#### GIVEN DATA

lemma normal_core_sylow_Int_conj_set_mult_eq:
  fixes p :: nat
  assumes fin: "finite (carrier G)" and p: "prime_elem p" and P: "sylow_subgroup G p P"
    and H: "subgroup H G" and H': "subgroup H' G" and g: "g \<in> carrier G" and g': "g' \<in> carrier G"
    and NH': "normal_core G H <#> H' = carrier G"
    and sylow': "multiplicity p (card H') \<le> multiplicity p (card (P \<inter> conj_sub G g' H'))"
  shows "normal_core (G\<lparr>carrier := P\<rparr>) (P \<inter> conj_sub G g H) <#> (P \<inter> conj_sub G g' H') = P"
proof -
  have P_sub: "subgroup P G"
    using P by (simp add: sylow_subgroup_def)
  interpret P: group "G\<lparr>carrier := P\<rparr>"
    using subgroup_imp_group [OF P_sub] .
  define N where "N = normal_core G H"
  define K where "K = P \<inter> conj_sub G g H"
  define K' where "K' = P \<inter> conj_sub G g' H'"
  have N: "N \<lhd> G"
    unfolding N_def using normal_core_normal [OF H] .
  have "(N \<inter> P) <#> K' = P"
    unfolding K'_def
  proof (rule sylow_Int_normal_set_mult_eq [OF fin p P N subgroup_conj_sub [OF g' H']])
    show "N <#> conj_sub G g' H' = carrier G"
      using normal_set_mult_conj_sub_eq_carrier [OF N subgroup.subset [OF H'] _ g'] NH'
      unfolding N_def by blast
    show "multiplicity p (card (conj_sub G g' H')) \<le> multiplicity p (card (P \<inter> conj_sub G g' H'))"
      using sylow' card_conj_sub [OF g' subgroup.subset [OF H']] by simp
  qed
  moreover have "N \<inter> P \<subseteq> normal_core (G\<lparr>carrier := P\<rparr>) K"
  proof (rule P.normal_subset_normal_core)
    show "N \<inter> P \<lhd> G\<lparr>carrier := P\<rparr>"
      using normal_Int_subgroup [OF P_sub N] .
    show "N \<inter> P \<subseteq> K"
      unfolding K_def N_def using normal_core_subset_conj_sub [OF g] by blast
  qed (simp add: K_def)
  ultimately have "P \<subseteq> normal_core (G\<lparr>carrier := P\<rparr>) K <#> K'"
    using mono_set_mult by blast
  moreover have "normal_core (G\<lparr>carrier := P\<rparr>) K \<subseteq> P"
    using P.normal_core_subset [of K] by (auto simp: K_def)
  then have "normal_core (G\<lparr>carrier := P\<rparr>) K <#> K' \<subseteq> P"
    using P_sub unfolding K'_def set_mult_def by (auto intro: subgroup.m_closed)
  ultimately show ?thesis
    unfolding K_def K'_def by blast
qed

end

lemma special_image:
  assumes special: "special G \<H>" and G': "group G'"
    and sub: "\<And>H. H \<in> \<H> \<Longrightarrow> subgroup (F H) G'"
    and proper: "\<And>H. H \<in> \<H> \<Longrightarrow> F H \<noteq> carrier G'"
    and transfer: "\<And>H H'. H \<in> \<H> \<Longrightarrow> H' \<in> \<H> \<Longrightarrow> normal_core G H <#>\<^bsub>G\<^esub> H' = carrier G \<Longrightarrow>
        normal_core G' (F H) <#>\<^bsub>G'\<^esub> F H' = carrier G'"
  shows "special G' (F ` \<H>) \<and> card (F ` \<H>) = card \<H>"
proof -
  have pair: "normal_core G H <#>\<^bsub>G\<^esub> H' = carrier G \<or> normal_core G H' <#>\<^bsub>G\<^esub> H = carrier G"
    if "H \<in> \<H>" "H' \<in> \<H>" "H \<noteq> H'" for H H'
    using special that unfolding special_def by blast
  have "inj_on F \<H>"
  proof (rule inj_onI, rule ccontr)
    fix H H' assume H: "H \<in> \<H>" and H': "H' \<in> \<H>" and eq: "F H = F H'" and "H \<noteq> H'"
    from pair [OF H H' \<open>H \<noteq> H'\<close>] have "normal_core G' (F H) <#>\<^bsub>G'\<^esub> F H = carrier G'"
    proof
      assume "normal_core G H <#>\<^bsub>G\<^esub> H' = carrier G"
      with transfer [OF H H'] eq show ?thesis
        by simp
    next
      assume "normal_core G H' <#>\<^bsub>G\<^esub> H = carrier G"
      with transfer [OF H' H] eq show ?thesis
        by simp
    qed
    then show False
      using group.normal_core_set_mult_self [OF G' sub [OF H]] proper [OF H] by simp
  qed
  then have card_eq: "card (F ` \<H>) = card \<H>"
    by (rule card_image)
  have "special G' (F ` \<H>)"
    unfolding special_def
  proof (intro conjI ballI impI)
    show "subgroup K G'" if "K \<in> F ` \<H>" for K
      using that sub by blast
    show "carrier G' \<notin> F ` \<H>"
      using proper by (metis imageE)
    show "2 \<le> card (F ` \<H>)"
      using special card_eq unfolding special_def by simp
    fix K K' assume "K \<in> F ` \<H>" "K' \<in> F ` \<H>" "K \<noteq> K'"
    then obtain H H' where H: "H \<in> \<H>" and H': "H' \<in> \<H>" and "H \<noteq> H'" "K = F H" "K' = F H'"
      by blast
    with pair [OF H H'] transfer [OF H H'] transfer [OF H' H]
    show "normal_core G' K <#>\<^bsub>G'\<^esub> K' = carrier G' \<or> normal_core G' K' <#>\<^bsub>G'\<^esub> K = carrier G'"
      by blast
  qed
  with card_eq show ?thesis
    by blast
qed
lemma normalized_step_le:
  fixes \<alpha> :: real and s :: "'a::real_normed_vector"
  assumes "\<alpha> \<ge> 0"
  shows "\<alpha> / max 1 (norm s) \<le> \<alpha>" "\<alpha> / max 1 (norm s) * norm s \<le> \<alpha>"
proof -
  have "\<alpha> / max 1 (norm s) * norm s = \<alpha> * (norm s / max 1 (norm s))" by simp
  also have "\<dots> \<le> \<alpha> * 1" using assms by (intro mult_left_mono) (auto simp: divide_le_eq_1)
  finally show "\<alpha> / max 1 (norm s) * norm s \<le> \<alpha>" by simp
  have "\<alpha> * 1 \<le> \<alpha> * max 1 (norm s)" using assms by (intro mult_left_mono) auto
  then show "\<alpha> / max 1 (norm s) \<le> \<alpha>" by (simp add: divide_le_eq)
qed

lemma subgradient_inexP_step:
  fixes u s w z :: "'a::real_inner"
  assumes u: "u \<in> C" and z: "z \<in> C" and fz: "f z \<le> f u"
    and w: "w \<in> inexP C \<phi> u (u - t *\<^sub>R s)" and tol: "rel_err_tol \<gamma> \<theta> lam \<phi>"
    and "0 \<le> \<gamma>" "\<gamma> \<le> \<gamma>b" "0 \<le> \<theta>" "\<theta> \<le> \<theta>b" "\<theta>b < 1/2" "0 \<le> lam" "lam \<le> lamb" "lamb < 1/2"
    and s: "s \<in> eps_subdiff f \<epsilon> u" and "\<epsilon> \<le> \<mu> * \<alpha>" "0 \<le> \<mu>"
    and "0 < t" "t \<le> \<alpha>" "t * norm s \<le> \<alpha>"
  defines "D \<equiv> (\<gamma>b + 2) / (1 - \<theta>b - lamb) + 1"
  shows "(norm (w - z))\<^sup>2 \<le> (norm (u - z))\<^sup>2 + (2 * \<gamma>b + (D + 1)\<^sup>2 + 2 * D + 2 * \<mu>) * \<alpha>\<^sup>2"
proof -
  have step_norm: "norm (u - t *\<^sub>R s - u) = t * norm s" using \<open>0 < t\<close> by simp
  have "norm (w - u) \<le> D * norm (u - t *\<^sub>R s - u)"
    unfolding D_def using inexP_displacement_le[OF w u tol] assms by simp
  from inexP_sq_dist_le[OF w z tol _ _ _ _ _ this] assms
  have "(norm (w - z))\<^sup>2 \<le> (norm (u - z))\<^sup>2 + 2 * (t * inner s (z - u))
      + (2 * \<gamma> + (D + 1)\<^sup>2 + 2 * D) * (t * norm s)\<^sup>2"
    unfolding step_norm by simp
  moreover have "t * inner s (z - u) \<le> \<mu> * \<alpha>\<^sup>2"
  proof -
    have "t * inner s (z - u) \<le> t * \<epsilon>"
      using eps_subdiff_inner_le[OF s fz] \<open>0 < t\<close> by simp
    also have "\<dots> \<le> t * (\<mu> * \<alpha>)" using assms by simp
    also have "\<dots> \<le> \<alpha> * (\<mu> * \<alpha>)"
      using assms by (intro mult_right_mono) (auto intro: order_trans[of 0 t])
    finally show ?thesis by (simp add: power2_eq_square algebra_simps)
  qed
  moreover have "(2 * \<gamma> + (D + 1)\<^sup>2 + 2 * D) * (t * norm s)\<^sup>2
      \<le> (2 * \<gamma>b + (D + 1)\<^sup>2 + 2 * D) * \<alpha>\<^sup>2"
  proof (intro mult_mono power_mono)
    have "D \<ge> 0" unfolding D_def using assms by simp
    then show "0 \<le> 2 * \<gamma>b + (D + 1)\<^sup>2 + 2 * D" using assms by simp
  qed (use assms in auto)
  ultimately show ?thesis by (simp add: algebra_simps)
qed

lemma quasi_fejer_bounded:
  assumes "quasi_fejer y W"
  shows "bounded (range y)"
proof -
  obtain w \<delta> where nonneg: "\<And>k. \<delta> k \<ge> 0" and "summable \<delta>"
    and step: "\<And>k. (norm (y (Suc k) - w))\<^sup>2 \<le> (norm (y k - w))\<^sup>2 + \<delta> k"
    using assms unfolding quasi_fejer_def by blast
  define R where "R = (norm (y 0 - w))\<^sup>2 + (\<Sum>k. \<delta> k)"
  have partial: "(norm (y n - w))\<^sup>2 \<le> (norm (y 0 - w))\<^sup>2 + (\<Sum>k<n. \<delta> k)" for n
  proof (induction n)
    case (Suc n)
    then show ?case using step[of n] by simp
  qed simp
  have partial_le: "(\<Sum>k<n. \<delta> k) \<le> (\<Sum>k. \<delta> k)" for n
    using nonneg \<open>summable \<delta>\<close> by (intro sum_le_suminf) auto
  have "(norm (y n - w))\<^sup>2 \<le> R" for n
    using partial[of n] partial_le[of n] unfolding R_def by linarith
  then have "dist w (y n) \<le> sqrt R" for n
    by (simp add: dist_norm norm_minus_commute real_le_rsqrt)
  then show ?thesis unfolding bounded_def by blast
qed

theorem mainTheorem4:
  fixes f :: "'a::euclidean_space \<Rightarrow> real" and C :: "'a set"
    and x s :: "nat \<Rightarrow> 'a"
    and t \<alpha> \<epsilon> \<gamma> \<theta> lam :: "nat \<Rightarrow> real"
    and \<phi> :: "nat \<Rightarrow> 'a \<Rightarrow> 'a \<Rightarrow> 'a \<Rightarrow> real"
    and \<gamma>bar \<theta>bar lambar \<mu> :: real
  assumes f_convex: "convex_on UNIV f"
    and C_closed: "closed C" and C_convex: "convex C" and C_ne: "C \<noteq> {}"
    and x0: "x 0 \<in> C"
    and no_stop: "\<And>k. 0 \<notin> eps_subdiff f 0 (x k)"
    and s_nz: "\<And>k. s k \<noteq> 0"
    and s_sub: "\<And>k. s k \<in> eps_subdiff f (\<epsilon> k) (x k)"
    and t_pos: "\<And>k. t k > 0"
    and t_def: "\<And>k. t k = \<alpha> k / max 1 (norm (s k))"
    and x_step: "\<And>k. x (Suc k) \<in> inexP C (\<phi> k) (x k) (x k - t k *\<^sub>R s k)"
    and \<phi>_tol: "\<And>k. rel_err_tol (\<gamma> k) (\<theta> k) (lam k) (\<phi> k)"
    and \<gamma>_rng: "\<And>k. 0 \<le> \<gamma> k \<and> \<gamma> k < \<gamma>bar"
    and \<theta>_rng: "\<And>k. 0 \<le> \<theta> k \<and> \<theta> k < \<theta>bar"
    and lam_rng: "\<And>k. 0 \<le> lam k \<and> lam k < lambar"
    and \<gamma>bar: "\<gamma>bar \<ge> 0"
    and \<theta>bar: "0 \<le> \<theta>bar \<and> \<theta>bar < 1/2"
    and lambar: "0 \<le> lambar \<and> lambar < 1/2"
    and \<mu>_nn: "\<mu> \<ge> 0"
    and \<alpha>_nn: "\<And>k. \<alpha> k \<ge> 0"
    and \<epsilon>_nn: "\<And>k. \<epsilon> k \<ge> 0"
    and \<epsilon>_dec: "decseq \<epsilon>"
    and \<alpha>_div: "\<not> summable \<alpha>"
    and \<alpha>_sq: "summable (\<lambda>k. (\<alpha> k)\<^sup>2)"
    and \<epsilon>_le: "\<And>k. \<epsilon> k \<le> \<mu> * \<alpha> k"
    and \<Omega>_ne: "{z\<in>C. \<forall>k. f z \<le> f (x k)} \<noteq> {}"
  shows "quasi_fejer x {z\<in>C. \<forall>k. f z \<le> f (x k)} \<and> bounded (range x)"
proof -
  \<comment> \<open>Convexity of \<open>f\<close>, divergence of \<open>\<Sum> \<alpha>\<^sub>k\<close> and monotonicity of \<open>\<epsilon>\<close> are only needed for convergence, not here.\<close>
  let ?\<Omega> = "{z\<in>C. \<forall>k. f z \<le> f (x k)}"
  define D where "D = (\<gamma>bar + 2) / (1 - \<theta>bar - lambar) + 1"
  define K where "K = 2 * \<gamma>bar + (D + 1)\<^sup>2 + 2 * D + 2 * \<mu>"
  have xC: "x k \<in> C" for k
    using x0 inexP_in[OF x_step] by (cases k) auto
  have t_le: "t k \<le> \<alpha> k" "t k * norm (s k) \<le> \<alpha> k" for k
    using normalized_step_le[OF \<alpha>_nn, of k "s k"] t_def[of k] by simp_all
  have step: "(norm (x (Suc k) - z))\<^sup>2 \<le> (norm (x k - z))\<^sup>2 + K * (\<alpha> k)\<^sup>2"
    if "z \<in> ?\<Omega>" for z k
  proof -
    from that have z: "z \<in> C" "f z \<le> f (x k)" by auto
    show ?thesis
      unfolding K_def D_def
      by (rule subgradient_inexP_step[OF xC z x_step \<phi>_tol _ _ _ _ _ _ _ _
            s_sub \<epsilon>_le \<mu>_nn t_pos t_le])
        (use \<gamma>_rng[of k] \<theta>_rng[of k] lam_rng[of k] \<theta>bar lambar in auto)
  qed
  have "K \<ge> 0"
    unfolding K_def D_def using \<gamma>bar \<theta>bar lambar \<mu>_nn by simp
  have "quasi_fejer x ?\<Omega>"
    unfolding quasi_fejer_def
  proof (intro conjI ballI exI[of _ "\<lambda>k. K * (\<alpha> k)\<^sup>2"] allI)
    show "summable (\<lambda>k. K * (\<alpha> k)\<^sup>2)" using \<alpha>_sq by (rule summable_mult)
  qed (use \<Omega>_ne \<open>K \<ge> 0\<close> step in auto)
  then show ?thesis using quasi_fejer_bounded by blast
qed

########

- WHAT TO DO: Copy each line in the entries above where "that" turns up.

- FINISHED TASK:
    using special that unfolding special_def by blast
      using that sub by blast
    from that have z: "z \<in> C" "f z \<le> f (x k)" by auto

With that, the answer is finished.